Your Committee also has concerns about the ability of the Attorney General to make an ex parte application (that is, one without notice to, and in the absence of, the affected individual) in order to correct a clerical error on a DNA order. Given that, in almost all cases, the facially defective order will have already been executed to obtain DNA evidence that may later be used against an individual, the government should consider a future provision by which the affected individual or his or her counsel would either receive prior notice of the application or disclosure that the application has been made and the order modified.

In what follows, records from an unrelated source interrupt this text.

lemma separable_periodic_orbit:
  fixes \<phi> W :: "real \<Rightarrow> real" and f :: "real \<Rightarrow> real \<Rightarrow> real"
  assumes f: "\<And>t y. f t y = \<phi> t * W y"
    and \<phi>c: "continuous_on {0..1} \<phi>" and \<phi>0: "(\<phi> has_integral 0) {0..1}"
    and \<Phi>R: "\<And>t. t \<in> {0..1} \<Longrightarrow> \<bar>integral {0..t} \<phi>\<bar> < R"
    and Wc: "continuous_on {lo..hi} W" and Wnz: "\<And>y. y \<in> {lo..hi} \<Longrightarrow> W y \<noteq> 0"
    and Wm: "\<And>y. y \<in> {lo..hi} \<Longrightarrow> \<bar>W y\<bar> \<le> m"
    and x0: "lo < x0" "x0 < hi" and R: "R * m \<le> x0 - lo" "R * m \<le> hi - x0"
  shows "periodic_orbit f x0"
proof -
  \<comment> \<open>The solution is \<open>Y(\<sigma>\<Phi>(t))\<close> with \<open>\<Phi>' = \<phi>\<close>, \<open>Y' = \<sigma>W(Y)\<close> and \<open>\<sigma>\<close> the sign of \<open>W\<close>
      near \<open>x\<^sub>0\<close>; it is periodic because \<open>\<Phi>(1) = \<Phi>(0) = 0\<close>.\<close>
  define \<Phi> where "\<Phi> t = integral {0..t} \<phi>" for t
  have d\<Phi>: "(\<Phi> has_real_derivative \<phi> t) (at t within {0..1})" if "t \<in> {0..1}" for t
    unfolding \<Phi>_def by (rule integral_has_real_derivative[OF \<phi>c that])
  have \<Phi>01: "\<Phi> 0 = 0" "\<Phi> 1 = 0" using integral_unique[OF \<phi>0] by (simp_all add: \<Phi>_def)
  define \<sigma> where "\<sigma> = sgn (W x0)"
  have \<sigma>: "\<sigma> * \<sigma> = 1" using Wnz[of x0] x0 by (simp add: \<sigma>_def sgn_if)
  then have \<sigma>\<sigma>: "\<sigma> * (\<sigma> * z) = z" for z by (simp add: mult.assoc[symmetric])
  have pos: "0 < \<sigma> * W y" if "y \<in> {lo..hi}" for y
  proof -
    have "0 < W x0 * W y"
      using continuous_nonvanishing_same_sign[of lo hi W x0 y] Wc Wnz that x0 by auto
    then show ?thesis by (auto simp: \<sigma>_def sgn_if zero_less_mult_iff)
  qed
  have "\<sigma> * W y \<le> m" if "y \<in> {lo..hi}" for y
    using Wm[OF that] pos[OF that] \<sigma> by (auto simp: \<sigma>_def sgn_if)
  moreover have "continuous_on {lo..hi} (\<lambda>y. \<sigma> * W y)" by (intro continuous_intros Wc)
  ultimately obtain Y where Y0: "Y 0 = x0"
    and dY: "\<And>\<tau>. \<bar>\<tau>\<bar> < R \<Longrightarrow> (Y has_real_derivative \<sigma> * W (Y \<tau>)) (at \<tau>)"
    using positive_autonomous_flow[of lo hi "\<lambda>y. \<sigma> * W y" m x0 R] x0 R pos by blast
  have "is_solution f (\<lambda>t. Y (\<sigma> * \<Phi> t))"
    unfolding is_solution_def
  proof
    fix t :: real assume t: "t \<in> {0..1}"
    have "\<bar>\<sigma> * \<Phi> t\<bar> < R" using \<Phi>R[OF t] \<sigma> by (auto simp: \<sigma>_def \<Phi>_def sgn_if)
    from DERIV_chain2[OF dY[OF this] DERIV_cmult[OF d\<Phi>[OF t], of \<sigma>]]
    show "((\<lambda>t. Y (\<sigma> * \<Phi> t)) has_real_derivative f t (Y (\<sigma> * \<Phi> t))) (at t within {0..1})"
      by (simp add: f algebra_simps \<sigma>\<sigma>)
  qed
  then show ?thesis using Y0 \<Phi>01 by (auto simp: periodic_orbit_def)
qed

lemma separable_small_periodic_orbit:
  fixes \<phi> W :: "real \<Rightarrow> real" and f :: "real \<Rightarrow> real \<Rightarrow> real"
  assumes f: "\<And>t y. f t y = \<phi> t * W y"
    and \<phi>c: "continuous_on {0..1} \<phi>" and \<phi>0: "(\<phi> has_integral 0) {0..1}"
    and \<Phi>R: "\<And>t. t \<in> {0..1} \<Longrightarrow> \<bar>integral {0..t} \<phi>\<bar> < R" and "0 < R"
    and Wc: "continuous_on UNIV W"
    and Wnz: "\<And>y. 0 < \<bar>y\<bar> \<Longrightarrow> \<bar>y\<bar> < \<delta> \<Longrightarrow> W y \<noteq> 0"
    and Wsq: "\<And>y. \<bar>y\<bar> < \<delta> \<Longrightarrow> \<bar>W y\<bar> \<le> K * y\<^sup>2" and "0 < K"
    and x0: "x0 \<noteq> 0" "\<bar>x0\<bar> < \<delta> / 2" "\<bar>x0\<bar> \<le> 1 / (6 * R * K)"
  shows "periodic_orbit f x0"
proof -
  \<comment> \<open>On \<open>[x\<^sub>0 - |x\<^sub>0|/2, x\<^sub>0 + |x\<^sub>0|/2]\<close> the field is nonzero and of size \<open>O(x\<^sub>0\<^sup>2)\<close>, so
      the flow needs time \<open>\<ge> R\<close> to leave it.\<close>
  have near: "\<bar>x0\<bar> / 2 \<le> \<bar>y\<bar>" "\<bar>y\<bar> \<le> 3 / 2 * \<bar>x0\<bar>" "\<bar>y\<bar> < \<delta>"
    if "y \<in> {x0 - \<bar>x0\<bar> / 2..x0 + \<bar>x0\<bar> / 2}" for y
    using that x0(2) by (auto simp: abs_if split: if_splits)
  have "\<bar>W y\<bar> \<le> 3 * K * x0\<^sup>2" if "y \<in> {x0 - \<bar>x0\<bar> / 2..x0 + \<bar>x0\<bar> / 2}" for y
  proof -
    have "\<bar>W y\<bar> \<le> K * y\<^sup>2" by (rule Wsq[OF near(3)[OF that]])
    also have "\<dots> \<le> K * (3 / 2 * \<bar>x0\<bar>)\<^sup>2"
      using power_mono[OF near(2)[OF that] abs_ge_zero, of 2] \<open>0 < K\<close> by (intro mult_left_mono) auto
    finally show ?thesis using \<open>0 < K\<close> by (simp add: power2_eq_square)
  qed
  moreover have "R * (3 * K * x0\<^sup>2) \<le> \<bar>x0\<bar> / 2"
  proof -
    have "\<bar>x0\<bar> * (6 * R * K) \<le> 1" using x0(3) \<open>0 < R\<close> \<open>0 < K\<close> by (simp add: pos_le_divide_eq)
    from mult_left_mono[OF this abs_ge_zero[of x0]] show ?thesis
      by (simp add: power2_eq_square algebra_simps)
  qed
  moreover have "W y \<noteq> 0" if "y \<in> {x0 - \<bar>x0\<bar> / 2..x0 + \<bar>x0\<bar> / 2}" for y
    using Wnz near[OF that] x0(1) by simp
  ultimately show ?thesis
    by (intro separable_periodic_orbit[OF f \<phi>c \<phi>0 \<Phi>R, of "x0 - \<bar>x0\<bar> / 2" "x0 + \<bar>x0\<bar> / 2"])
       (use x0(1) in \<open>auto intro: continuous_on_subset[OF Wc]\<close>)
qed

lemma separable_center:
  fixes \<phi> W :: "real \<Rightarrow> real" and f :: "real \<Rightarrow> real \<Rightarrow> real"
  assumes f: "\<And>t y. f t y = \<phi> t * W y"
    and \<phi>c: "continuous_on {0..1} \<phi>" and \<phi>0: "(\<phi> has_integral 0) {0..1}"
    and Wc: "continuous_on UNIV W" and "0 < \<delta>"
    and Wnz: "\<And>y. 0 < \<bar>y\<bar> \<Longrightarrow> \<bar>y\<bar> < \<delta> \<Longrightarrow> W y \<noteq> 0"
    and Wsq: "\<And>y. \<bar>y\<bar> < \<delta> \<Longrightarrow> \<bar>W y\<bar> \<le> K * y\<^sup>2"
  shows "has_center f"
proof -
  obtain R0 where R0: "\<And>t. t \<in> {0..1} \<Longrightarrow> \<bar>integral {0..t} \<phi>\<bar> \<le> R0"
    using continuous_on_Icc_abs_bounded[OF indefinite_integral_continuous_1[OF integrable_continuous_real[OF \<phi>c]]]
    by blast
  define R where "R = \<bar>R0\<bar> + 1"
  have "0 < R" and \<Phi>R: "\<And>t. t \<in> {0..1} \<Longrightarrow> \<bar>integral {0..t} \<phi>\<bar> < R"
    using R0 by (force simp: R_def)+
  have "0 < K"
  proof -
    have "0 < \<bar>W (\<delta> / 2)\<bar>" using Wnz[of "\<delta> / 2"] \<open>0 < \<delta>\<close> by simp
    also have "\<dots> \<le> K * (\<delta> / 2)\<^sup>2" using Wsq[of "\<delta> / 2"] \<open>0 < \<delta>\<close> by simp
    finally show ?thesis using \<open>0 < \<delta>\<close> by (simp add: zero_less_mult_iff)
  qed
  define e where "e = min (\<delta> / 2) (1 / (6 * R * K))"
  show ?thesis unfolding has_center_def
  proof (intro exI[of _ e] conjI allI impI)
    show "0 < e" using \<open>0 < \<delta>\<close> \<open>0 < R\<close> \<open>0 < K\<close> by (simp add: e_def)
    fix x0 :: real assume "\<bar>x0\<bar> < e"
    show "periodic_orbit f x0"
    proof (cases "x0 = 0")
      case True
      have "W 0 = 0" using Wsq[of 0] \<open>0 < \<delta>\<close> by simp
      then have "is_solution f (\<lambda>_. 0)" by (intro is_solution_const) (simp add: f)
      then show ?thesis using True by (auto simp: periodic_orbit_def)
    next
      case False
      with \<open>\<bar>x0\<bar> < e\<close> show ?thesis
        by (intro separable_small_periodic_orbit[OF f \<phi>c \<phi>0 \<Phi>R \<open>0 < R\<close> Wc Wnz Wsq \<open>0 < K\<close>])
           (auto simp: e_def)
    qed
  qed
qed

lemma abel_proportional_center:
  fixes \<phi> :: "real \<Rightarrow> real"
  assumes "continuous_on {0..1} \<phi>" "(\<phi> has_integral 0) {0..1}" and ab: "a \<noteq> 0 \<or> b \<noteq> 0"
  shows "has_center (abel_field (\<lambda>t. a * \<phi> t) (\<lambda>t. b * \<phi> t))"
proof (rule separable_center[where W = "\<lambda>y. y\<^sup>2 * (a * y + b)" and K = "\<bar>a\<bar> + \<bar>b\<bar>"
      and \<delta> = "if b = 0 then 1 else min 1 (\<bar>b\<bar> / (\<bar>a\<bar> + 1))"])
  show "abel_field (\<lambda>t. a * \<phi> t) (\<lambda>t. b * \<phi> t) t y = \<phi> t * (y\<^sup>2 * (a * y + b))" for t y
    by (simp add: abel_field_def algebra_simps power2_eq_square power3_eq_cube)
  show "continuous_on UNIV (\<lambda>y. y\<^sup>2 * (a * y + b))" by (intro continuous_intros)
  show "0 < (if b = 0 then 1 else min 1 (\<bar>b\<bar> / (\<bar>a\<bar> + 1)))" by simp
next
  fix y :: real
  assume "\<bar>y\<bar> < (if b = 0 then 1 else min 1 (\<bar>b\<bar> / (\<bar>a\<bar> + 1)))"
  then have y1: "\<bar>y\<bar> < 1" and yb: "b \<noteq> 0 \<Longrightarrow> \<bar>y\<bar> * (\<bar>a\<bar> + 1) < \<bar>b\<bar>"
    by (auto split: if_splits simp: pos_less_divide_eq add_pos_nonneg)
  have "\<bar>a * y\<bar> \<le> \<bar>a\<bar>" using y1 by (simp add: abs_mult mult_left_le)
  then have "\<bar>a * y + b\<bar> \<le> \<bar>a\<bar> + \<bar>b\<bar>" using abs_triangle_ineq[of "a * y" b] by simp
  then have "y\<^sup>2 * \<bar>a * y + b\<bar> \<le> y\<^sup>2 * (\<bar>a\<bar> + \<bar>b\<bar>)" by (intro mult_left_mono) auto
  then show "\<bar>y\<^sup>2 * (a * y + b)\<bar> \<le> (\<bar>a\<bar> + \<bar>b\<bar>) * y\<^sup>2" by (simp add: abs_mult mult.commute)
  assume "0 < \<bar>y\<bar>"
  have "a * y + b \<noteq> 0"
  proof (cases "b = 0")
    case True
    then show ?thesis using ab \<open>0 < \<bar>y\<bar>\<close> by simp
  next
    case False
    have "\<bar>a * y\<bar> < \<bar>b\<bar>" using yb[OF False] by (simp add: abs_mult algebra_simps)
    then show ?thesis by auto
  qed
  then show "y\<^sup>2 * (a * y + b) \<noteq> 0" using \<open>0 < \<bar>y\<bar>\<close> by simp
qed (use assms in auto)

section \<open>Orbits when \<open>A b\<^sub>1 - a\<^sub>1 B\<close> is a nonzero constant\<close>

definition at_most_one_nonzero_periodic_orbit :: "(real \<Rightarrow> real \<Rightarrow> real) \<Rightarrow> bool" where
  "at_most_one_nonzero_periodic_orbit f \<longleftrightarrow>
     (\<forall>p q. p \<noteq> 0 \<and> q \<noteq> 0 \<and> periodic_orbit f p \<and> periodic_orbit f q \<longrightarrow> p = q)"

definition nonzero_periodic_orbits_hyperbolic :: "(real \<Rightarrow> real \<Rightarrow> real) \<Rightarrow> bool" where
  "nonzero_periodic_orbits_hyperbolic f \<longleftrightarrow>
     (\<forall>p. p \<noteq> 0 \<and> periodic_orbit f p \<longrightarrow> hyperbolic_orbit f p)"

Your Committee notes the last recommendation of the Auditor General of Canada in her May 2007 report regarding management of the Forensic Laboratory Services (FLS). She stated that the RCMP should ensure that parliamentarians receive the information that they require in order to hold government to account for the performance of the FLS. Your Committee emphasizes that Parliament needs full and transparent reporting by the government in order to monitor and evaluate the cumulative effect that successive pieces of legislation have had, not only on the FLS, but on the operation of the DNA databank and its impact on individuals.

The DNA Identification Act came fully into force on June 30, 2000. Section 13 of the Act required a review of the provisions and operation of the Act within five years, to be undertaken by any committee of the Senate, of the House of Commons or of both Houses of Parliament. To date, no such review has been undertaken. Your Committee is concerned that two bills that originally set up a DNA data bank and now alter the manner in which it is operated and used will have been adopted by Parliament without a fundamental review of the system taking place. A review of the DNA system is urgently required, so that Parliament may determine what, if any, changes are required to improve it and the manner in which it is used.